Question

The potential (in volts) of a charge distribution is given by
$V\left( z \right){\text{ }} = {\text{ }}30{\text{ }} - {\text{ }}5{z^2}for{\text{ }}\left| z \right| \leqslant 1m$
$V\left( z \right){\text{ }} = {\text{ }}35{\text{ }} - {\text{ }}10z{\text{ }}for{\text{ }}\left| z \right| \geqslant 1m$
$V\left( z \right){\text{ }}does{\text{ }}not{\text{ }}depends{\text{ }}on{\text{ }}x{\text{ }}and{\text{ }}y.$
If the potential is generated by a constant charge per unit volume ${r_0}(in{\text{ }}units{\text{ }}of{e_0})$which is
spread over a certain region, then choose the correct statement:
A. ${r_0} = {\text{ }}20{e_0}for{\text{ }}\left| z \right| \leqslant 1m{\text{ }} and {r_0} = 0$ elsewhere.
B. $.{r_0} = 40{e_0}$ in the entire region.
C. ${r_0} = {\text{ }}10{e_0}for{\text{ }}\left| z \right| \leqslant 1m{\text{ }} and {r_0} = 0$ elsewhere.
D. ${r_0} = 20{e_0}$ in the entire region.

Answer 1

1. Here before solving this problem we need to know about Gauss’ law and also Poisson’s equation.
2. If V is the electrical potential generated by a static charge distribution of charge density ρ then according to Poisson’s equation
$^{{\nabla ^2}V = - \dfrac{\rho }{{{\varepsilon _0}}}}$
3. Every electrical potential follows Poisson’s equation.

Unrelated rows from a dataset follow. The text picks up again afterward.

(* Let $\rho_2>0$. Let $\{P_t(n)\}_{t\ge0}$, $n\in\mathbb N$, be independent Poisson processes of rate $2\rho_2$; for each $t\ge0$ define $\xi_t(0)=1$, $\xi_t(n+1)=\xi_t(n)+(P_t(n+1)-1)\mathbf 1_{\{n<M_t\}}$, where $M_t=\inf\{n\ge0:\xi_t(n)=0\}\in\mathbb N\cup\{\infty\}$. Let $g_2(s)=\inf\{x\in(0,1): -\log(1-x)/(2\rho_2x)>s\}$ for $s\ge0$. Then $\mathbb P(M_t=\infty)=g_2(t)$ for every $t\ge0$, and $\chi=\inf\{t\ge0: M_t=\infty\}$ is a continuous random variable with distribution function $g_2$. *)

theory Defs
  imports "HOL-Probability.Probability"
begin

definition poisson_process :: "'a measure \<Rightarrow> real \<Rightarrow> (real \<Rightarrow> 'a \<Rightarrow> nat) \<Rightarrow> bool" where
  "poisson_process M lam N \<longleftrightarrow>
     (\<forall>t. N t \<in> measurable M (count_space UNIV)) \<and>
     (\<forall>\<omega>\<in>space M. N 0 \<omega> = 0 \<and> mono_on {0..} (\<lambda>t. N t \<omega>) \<and>
        (\<forall>t\<ge>0. continuous (at_right t) (\<lambda>s. real (N s \<omega>)))) \<and>
     (\<forall>s t. 0 \<le> s \<longrightarrow> s < t \<longrightarrow>
        distr M (count_space UNIV) (\<lambda>\<omega>. N t \<omega> - N s \<omega>) = measure_pmf (poisson_pmf (lam * (t - s)))) \<and>
     (\<forall>(ts :: nat \<Rightarrow> real) k. 0 \<le> ts 0 \<longrightarrow> (\<forall>i<k. ts i < ts (Suc i)) \<longrightarrow>
        prob_space.indep_vars M (\<lambda>_. count_space UNIV)
          (\<lambda>i \<omega>. N (ts (Suc i)) \<omega> - N (ts i) \<omega>) {..<k})"

text \<open>The walk xi with steps p(n+1) - 1, started at 1, stopped at its first zero.
  (Guard "xi n \<noteq> 0" coincides with "n < M" since the walk stays at 0 once it hits 0.)\<close>
fun xi :: "(nat \<Rightarrow> nat) \<Rightarrow> nat \<Rightarrow> int" where
  "xi p 0 = 1"
| "xi p (Suc n) = xi p n + (if xi p n \<noteq> 0 then int (p (Suc n)) - 1 else 0)"

definition hitM :: "(nat \<Rightarrow> nat) \<Rightarrow> enat" where
  "hitM p = Inf (enat ` {n. xi p n = 0})"

definition g2 :: "real \<Rightarrow> real \<Rightarrow> real" where
  "g2 rho s = Inf {x \<in> {0<..<1}. - ln (1 - x) / (2 * rho * x) > s}"

end

theory Submission
  imports Defs
begin

(* Read generation by generation, the walk xi is the exploration of a Galton--Watson tree whose
   offspring numbers are P_t(1), P_t(2), ...: the k individuals of a generation use up the next
   k offspring numbers, and xi never hits 0 iff the population never dies out. At time t these
   numbers are i.i.d. Poisson(2 rho t), so the probability of extinction within n generations is
   f^n(0) for the generating function f(s) = exp(2 rho t (s - 1)), and the extinction probability
   is the least fixed point L of f in [0,1]. Since f is strictly convex with fixed points L and 1,
   the condition -log(1 - x) / (2 rho x) > t, which says f(1 - x) > 1 - x, holds iff 1 - x < L;
   hence g2(t) = 1 - L is the survival probability.
   Survival is monotone in t because the Poisson paths are nondecreasing, so {chi <= t} is the
   decreasing intersection of the survival events at times t + 1/k. As g2 is the generalised
   inverse of a strictly increasing function, it is continuous and tends to 1, which gives the
   distribution function of chi, its almost sure finiteness and the absence of atoms. *)

section \<open>The exploration walk and its generations\<close>

fun stopped_walk :: "nat \<Rightarrow> nat stream \<Rightarrow> nat \<Rightarrow> nat" where
  "stopped_walk k X 0 = k"
| "stopped_walk k X (Suc n) =
     (if stopped_walk k X n = 0 then 0 else stopped_walk k X n + X !! n - 1)"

Complete step by step solution :
For $\left| z \right| \leqslant 1m$,
$V\left( z \right) = {\text{ }}30{\text{ }} - {\text{ }}5{z^2}\left( {given} \right).$
Now, Putting This expression of V(z) in Poisson’s equation we get,

$$^{{\nabla ^2}V = - \dfrac{\rho }{{{\varepsilon _0}}}} \\\ \Rightarrow \dfrac{{{\partial ^2}V}}{{\partial {x^2}}} + \dfrac{{{\partial ^2}V}}{{\partial {y^2}}} + \dfrac{{{\partial ^2}V}}{{\partial {z^2}}} = - \dfrac{\rho }{{{\varepsilon _0}}} \\\ \Rightarrow \dfrac{{{\partial ^2}V}}{{\partial {z^2}}} = - \dfrac{\rho }{{{\varepsilon _0}}} \\\ \Rightarrow \dfrac{{{\partial ^2}(30 - 5{z^2})}}{{\partial {z^2}}} = - \dfrac{\rho }{{{\varepsilon _0}}} \\\ \Rightarrow \dfrac{{\partial ( - 10z)}}{{\partial z}} = - \dfrac{\rho }{{{\varepsilon _0}}} \\\ \Rightarrow - 10 = - \dfrac{\rho }{{{\varepsilon _0}}} \\\ \Rightarrow \rho = 10{\varepsilon _0} \\\$$

As V is independent of x and y, so the ${1^{st}}$two terms of ${\nabla ^2}V$ vanishes.
So for $\left| z \right| \leqslant 1m$ region the charge density is$10{\varepsilon _0}$
Now, For $\left| z \right| \geqslant 1m,{\text{ }}V\left( z \right) = {\text{ }}35 - 10z{\text{ }}\left( {given} \right).$
Putting This expression of $V\left( z \right)$in Poisson’s equation we get,
$\\\ \Rightarrow \dfrac{{{\partial ^2}(35 - 10z)}}{{\partial {z^2}}} = - \dfrac{\rho }{{{\varepsilon _0}}} \\\ \Rightarrow \dfrac{{\partial ( - 10)}}{{\partial z}} = - \dfrac{\rho }{{{\varepsilon _0}}} \\\ \Rightarrow 0 = - \dfrac{\rho }{{{\varepsilon _0}}} \\\ \Rightarrow \rho = 0 \\\$
So for $\left| z \right| \geqslant 1m$ region the charge density is zero.
Therefore the final answer is ${r_0} = {\text{ }}10{e_0}for{\text{ }}\left| z \right| \leqslant 1m{\text{ }} and {r_0} = 0$ elsewhere.
Hence the correct answer is (C).

Note:
1. In this type of problem we have to use proper expression of gradient operator based on the potential $\left( {in{\text{ }}which{\text{ }}coordinate{\text{ }}system{\text{ }}it{\text{ }}is{\text{ }}given} \right)$because for cartesian coordinate system the expression of ${\nabla ^2}V$ is given in solution but for cylindrical and spherical polar Coordinate system the expression of ${\nabla ^2}V$ is different.
2. Extra care should be given while doing the partial derivative.